What other institutions (or democratic tools) should have acted to halt the extremist anti-democratic movement lead by Bolsonaro?

(Not a trick question, an honest one given the crisis)

> What other institutions (or democratic tools) should have acted to halt the extremist anti-democratic movement lead by Bolsonaro?

I am not familiar with Bolsonaro's movement, but censoring people under the guise of protecting democracy doesn't seem very democratic to me? At the very least, you have to admit here that there is a slippery slope where a good intentioned government or justice system could progressively get further away from these good intentions, and start using its power merely for the preservation of it?

It seems to me that censoring ideas that seem dangerous is far more dangerous than trying to correct them, and that a very high level of free speech is one of the most powerful antidotes against this slippery slope.

  • It seems that way to me too, but we have examples of high-censorship, high-freedom societies like Germany, and high-censorship, low-freedom societies like Singapore, and both report high levels of happiness.

    The devil really is in the details.

  • > there is a slippery slope where a good intentioned government or justice system could progressively get further away from these good intentions, and start using its power merely for the preservation of it?

    That wasn't what happened.

    It's not like we had a left leaning judge favouring a left leaning party, it's Moraes, a conservative technician fight an extreme right antidemocratic movement.

    The question that needs to be answer is how far democracy is willing to go outside of democratic bounds to preserve itself. Because to expect a democratic government never to act undemocratically is to expect it to be replaced by a fascists regimen given time.

    • > The question that needs to be answer is how far democracy is willing to go outside of democratic bounds to preserve itself.

      To answer this question you first have to define what democracy is.
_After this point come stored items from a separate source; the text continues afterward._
lemma is_test_complement: "is_test N T \<Longrightarrow> is_test N (1\<^sub>m N - T)"
proof -
  assume T: "is_test N T"
  then have "1\<^sub>m N - (1\<^sub>m N - T) = T"
    by (intro eq_matI) (auto simp: is_test_def psd_def)
  then show ?thesis using T by (simp add: is_test_def)
qed

lemma mtrace_real_diag_mult:
  assumes "T \<in> carrier_mat N N"
  shows "Re (mtrace (real_diag N p * T)) = (\<Sum>i<N. p i * Re (T $$ (i, i)))"
  using assms by (simp add: mat_diag_mult_left mtrace_def Re_sum)

lemma test_probs_sum:
  assumes "T \<in> carrier_mat N N" "prob_vec N P"
  shows "Re (mtrace (real_diag N P * (1\<^sub>m N - T))) = 1 - Re (mtrace (real_diag N P * T))"
proof -
  have "Re (mtrace (real_diag N P * (1\<^sub>m N - T))) = (\<Sum>i<N. P i * Re ((1\<^sub>m N - T) $$ (i, i)))"
    using assms by (intro mtrace_real_diag_mult) auto
  also have "\<dots> = (\<Sum>i<N. P i * (1 - Re (T $$ (i, i))))"
    using assms by (intro sum.cong) auto
  also have "\<dots> = 1 - Re (mtrace (real_diag N P * T))"
    using assms by (simp add: mtrace_real_diag_mult prob_vec_def algebra_simps sum_subtractf)
  finally show ?thesis .
qed

lemma test_prob_ge_diag:
  assumes T: "is_test N T" and P: "prob_vec N P" and "i < N"
  shows "P i * Re (T $$ (i, i)) \<le> Re (mtrace (real_diag N P * T))"
    and "P i * (1 - Re (T $$ (i, i))) \<le> 1 - Re (mtrace (real_diag N P * T))"
proof -
  have ge: "P i * Re (S $$ (i, i)) \<le> Re (mtrace (real_diag N P * S))" if S: "is_test N S" for S
  proof -
    have "S \<in> carrier_mat N N" using S by (simp add: is_test_def psd_def)
    moreover have "0 \<le> P j * Re (S $$ (j, j))" if "j < N" for j
      using S P is_test_diag_bounds[OF S that] that by (simp add: prob_vec_def)
    ultimately show ?thesis
      using \<open>i < N\<close> member_le_sum[of i "{..<N}" "\<lambda>j. P j * Re (S $$ (j, j))"]
      by (simp add: mtrace_real_diag_mult)
  qed
  show "P i * Re (T $$ (i, i)) \<le> Re (mtrace (real_diag N P * T))" using ge[OF T] .
  have "T \<in> carrier_mat N N" using T by (simp add: is_test_def psd_def)
  then show "P i * (1 - Re (T $$ (i, i))) \<le> 1 - Re (mtrace (real_diag N P * T))"
    using ge[OF is_test_complement[OF T]] \<open>i < N\<close> by (simp add: test_probs_sum[OF _ P])
qed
      A decent definition is probably something like, a system of government in which policy is decided by having a public debate in which anyone can participate and then, after everyone has had a chance to say their piece, policy is chosen through voting.

      From this you immediately run into potential problems. For example, suppose the majority is quite fond of the current leadership and wants to put them in power forever and stop holding elections. Is that democratic? It's the policy people are voting for. And yet, it would be the end of democracy, so the answer has to be no.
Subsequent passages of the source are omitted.